Descriptive statistics (median, frequencies, ranges) were used to summarize baseline characteristics, AEs, and response measurements (ORR, DCR). 95% of CIs for ORR and DCR were analyzed using the Clopper-Pearson method (R Studio, Version2022.12.0 + 353). Median PFS was calculated using the Kaplan–Meier method (R Studio, Version2022.12.0 + 353). Fisher’s exact test (two-sided) and Welsh Two Sample TOST (two one-sided tests) were used to compare the proportions of clinical outcomes between cohorts 5 and 6. Of note, the study was prematurely terminated because the company withdrew the sponsorship for investigational drug supplies in February 2020. Because cohorts 5 and 6 were closed early for enrollment, the participants from cohorts 5 and 6 were reported together as a combined dataset to have a reasonable number of data analyses given the results are sufficiently similar between the two cohorts.

For statistical analyses of RNAseq, multiple hypothesis testing followed by adjusting with Benjamini–Hochberg false-discovery rate (FDR) cut-off <10% (FDR q < 0.1 indicates significance) was used.
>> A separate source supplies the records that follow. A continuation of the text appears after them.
(* Let $G=(V,E)$ be a path on $n\ge1$ vertices and let $\{A_v\}_{v\in V}$ be events in a probability space. Then \[ \Pr\Big(\bigcup_{v\in V} A_v\Big) \;\ge\; \frac{1}{\lceil n/2\rceil}\Big(\sum_{v\in V}\Pr(A_v) - \sum_{\{v,w\}\in E}\Pr(A_v\cap A_w)\Big). \] *)

theory Defs
  imports "HOL-Probability.Probability"
begin

end

theory Submission
  imports Defs
begin

(* Let P be the set of indices i < n with x \<in> A i, for a fixed
   sample point x.  The quantity
     (number of i with P i) - (number of path edges {i, i+1} with P i \<and> P (i+1))
   equals the number of maximal blocks of consecutive indices in P.  Two blocks
   are separated by at least one index outside P, so there are at most
   \<lceil>n/2\<rceil> blocks, and none when x lies in no A i.  Hence pointwise
     block_count \<le> \<lceil>n/2\<rceil> * indicator of the union.
   The block count is a signed sum of indicator functions whose integral is the
   alternating sum of probabilities in the theorem, so integrating the pointwise
   inequality yields the theorem. *)

text \<open>The number of maximal blocks of consecutive indices below n satisfying P,
  written as vertices minus edges of the subgraph of the path that P induces.\<close>

definition block_count :: "(nat \<Rightarrow> bool) \<Rightarrow> nat \<Rightarrow> real" where
  "block_count P n = (\<Sum>i<n. of_bool (P i)) - (\<Sum>i<n - 1. of_bool (P i \<and> P (Suc i)))"

lemma block_count_Suc_Suc:
  "block_count P (Suc (Suc m)) = block_count P (Suc m) + of_bool (P (Suc m) \<and> \<not> P m)"
  unfolding block_count_def by (cases "P m"; cases "P (Suc m)") simp_all

text \<open>Blocks are separated by gaps, so at most (n+1) div 2 fit on the path; if the
  last vertex is not in P, the last position is wasted and n div 2 is the bound.
  The two bounds are combined into one statement so that the induction goes through.\<close>

lemma block_count_le: "block_count P n \<le> real ((n + of_bool (P (n - 1))) div 2)"
proof (induction n rule: induct_nat_012)
  case 0
  then show ?case by (simp add: block_count_def)
next
  case 1
  then show ?case by (simp add: block_count_def)
next
  case (ge2 m)
  have "block_count P (Suc (Suc m)) \<le> real ((Suc m + of_bool (P m)) div 2) + of_bool (P (Suc m) \<and> \<not> P m)"
    using ge2.IH(2) by (simp add: block_count_Suc_Suc)
  also have "\<dots> \<le> real ((Suc (Suc m) + of_bool (P (Suc m))) div 2)"
    by (cases "P m"; cases "P (Suc m)") simp_all
  finally show ?case by simp
qed

lemma block_count_le_indicator:
  "block_count P n \<le> real ((n + 1) div 2) * of_bool (\<exists>i<n. P i)"
proof (cases "\<exists>i<n. P i")
  case True
  have "real ((n + of_bool (P (n - 1))) div 2) \<le> real ((n + 1) div 2)"
    by (simp add: div_le_mono)
  with block_count_le[of P n] True show ?thesis by simp
next
  case False
  then show ?thesis by (simp add: block_count_def)
qed

lemma block_count_indicator:
  "block_count (\<lambda>i. x \<in> A i) n
     = (\<Sum>i<n. indicator (A i) x) - (\<Sum>i<n - 1. indicator (A i \<inter> A (Suc i)) x)"
  by (simp add: block_count_def indicator_def)

lemma integral_block_count:
  assumes "finite_measure M" and sets: "\<And>i. i < n \<Longrightarrow> A i \<in> sets M"
  shows "integrable M (\<lambda>x. block_count (\<lambda>i. x \<in> A i) n)"
    and "(\<integral>x. block_count (\<lambda>i. x \<in> A i) n \<partial>M)
           = (\<Sum>i<n. measure M (A i)) - (\<Sum>i<n - 1. measure M (A i \<inter> A (Suc i)))"
proof -
  interpret finite_measure M by (rule assms(1))
  have indicator_integrable: "\<And>B. B \<in> sets M \<Longrightarrow> integrable M (indicator B :: 'a \<Rightarrow> real)"
    by (simp add: emeasure_eq_measure)
  have vertex_sum: "integrable M (\<lambda>x. \<Sum>i<n. indicator (A i) x :: real)"
    using sets indicator_integrable by auto
  have edge_sum: "integrable M (\<lambda>x. \<Sum>i<n - 1. indicator (A i \<inter> A (Suc i)) x :: real)"
    using sets indicator_integrable by auto
  show "integrable M (\<lambda>x. block_count (\<lambda>i. x \<in> A i) n)"
    unfolding block_count_indicator using vertex_sum edge_sum by auto
  have "(\<integral>x. block_count (\<lambda>i. x \<in> A i) n \<partial>M)
      = (\<integral>x. (\<Sum>i<n. indicator (A i) x) \<partial>M)
        - (\<integral>x. (\<Sum>i<n - 1. indicator (A i \<inter> A (Suc i)) x) \<partial>M)"
    unfolding block_count_indicator using vertex_sum edge_sum by simp
  also have "\<dots> = (\<Sum>i<n. measure M (A i)) - (\<Sum>i<n - 1. measure M (A i \<inter> A (Suc i)))"
    using sets indicator_integrable by (simp add: Bochner_Integration.integral_sum)
  finally show "(\<integral>x. block_count (\<lambda>i. x \<in> A i) n \<partial>M)
      = (\<Sum>i<n. measure M (A i)) - (\<Sum>i<n - 1. measure M (A i \<inter> A (Suc i)))" .
qed

lemma path_union_bound:
  assumes "finite_measure M" and sets: "\<And>i. i < n \<Longrightarrow> A i \<in> sets M"
  shows "(\<Sum>i<n. measure M (A i)) - (\<Sum>i<n - 1. measure M (A i \<inter> A (Suc i)))
           \<le> real ((n + 1) div 2) * measure M (\<Union>i<n. A i)"
proof -
  interpret finite_measure M by (rule assms(1))
  have union: "(\<Union>i<n. A i) \<in> sets M"
    using sets by auto
  have indicator_union: "\<And>x. of_bool (\<exists>i<n. x \<in> A i) = (indicator (\<Union>i<n. A i) x :: real)"
    by (auto simp: indicator_def)
  have "(\<Sum>i<n. measure M (A i)) - (\<Sum>i<n - 1. measure M (A i \<inter> A (Suc i)))
      = (\<integral>x. block_count (\<lambda>i. x \<in> A i) n \<partial>M)"
    using integral_block_count(2)[OF assms] by simp
  also have "\<dots> \<le> (\<integral>x. real ((n + 1) div 2) * indicator (\<Union>i<n. A i) x \<partial>M)"
  proof (rule integral_mono)
    show "integrable M (\<lambda>x. block_count (\<lambda>i. x \<in> A i) n)"
      using integral_block_count(1)[OF assms] .
    show "integrable M (\<lambda>x. real ((n + 1) div 2) * indicator (\<Union>i<n. A i) x)"
      using union by (simp add: emeasure_eq_measure)
    show "block_count (\<lambda>i. x \<in> A i) n \<le> real ((n + 1) div 2) * indicator (\<Union>i<n. A i) x" for x
      using block_count_le_indicator[of "\<lambda>i. x \<in> A i" n] by (simp add: indicator_union)
  qed
  also have "\<dots> = real ((n + 1) div 2) * measure M (\<Union>i<n. A i)"
    using union by simp
  finally show ?thesis .
qed

lemma ceiling_half_nat: "\<lceil>real n / 2\<rceil> = int ((n + 1) div 2)"
proof -
  have "real n / 2 = real_of_int (int n) / real_of_int 2" by simp
  then have "\<lceil>real n / 2\<rceil> = - (- int n div 2)"
    by (simp only: ceiling_divide_eq_div)
  also have "\<dots> = int ((n + 1) div 2)" by presburger
  finally show ?thesis .
qed

theorem mainTheorem6:
  fixes M :: "'a measure" and A :: "nat \<Rightarrow> 'a set" and n :: nat
  assumes "prob_space M"
    and "n \<ge> 1"
    and "\<And>i. i < n \<Longrightarrow> A i \<in> sets M"
  shows "measure M (\<Union>i<n. A i) \<ge>
           (1 / real_of_int \<lceil>real n / 2\<rceil>) *
           ((\<Sum>i<n. measure M (A i)) - (\<Sum>i<n - 1. measure M (A i \<inter> A (Suc i))))"
proof -
  have "finite_measure M"
    using assms(1) by (simp add: prob_space_def)
  then have bound: "(\<Sum>i<n. measure M (A i)) - (\<Sum>i<n - 1. measure M (A i \<inter> A (Suc i)))
                      \<le> real ((n + 1) div 2) * measure M (\<Union>i<n. A i)"
    using path_union_bound assms(3) by blast
  have "real ((n + 1) div 2) > 0"
    using assms(2) by simp
  with bound show ?thesis
    by (simp add: ceiling_half_nat field_simps)
qed

end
For GSEA, FDR q < 0.25, |normalized enrichment score (NES)| >1.65, and nominal P < 0.02 were used as selection criteria81. Comparison of mutational signatures was performed using a Kruskal–Wallis test and grouped P-values according to mutational signature-related etiology were obtained using a Fisher exact method (WES analysis). Comparison of immune cell subsets and CTCs was calculated by a non-parametric Wilcoxon rank sum test for unpaired samples, while the Wilcoxon matched-pairs test was used to analyze paired samples. All differences were considered statistically significant if P < 0.05. PFS according to CTCs changes was estimated by the Kaplan–Meier method; comparisons between arms, hazard ratio, and CI were analyzed using the log-rank test.

For preclinical studies, at least duplicate independent biological replicates were performed in all experiments. Investigators were blinded during data collection and analysis. Data were analyzed using a standard Student’s t-test (two-sided) to determine significance and are shown as mean ± standard deviation (SD). P-values < 0.05 were considered significant. All statistical analyses were done using GraphPad Prism v9 or Microsoft Excel.

Reporting summary

Further information on research design is available in the Nature Portfolio Reporting Summary linked to this article.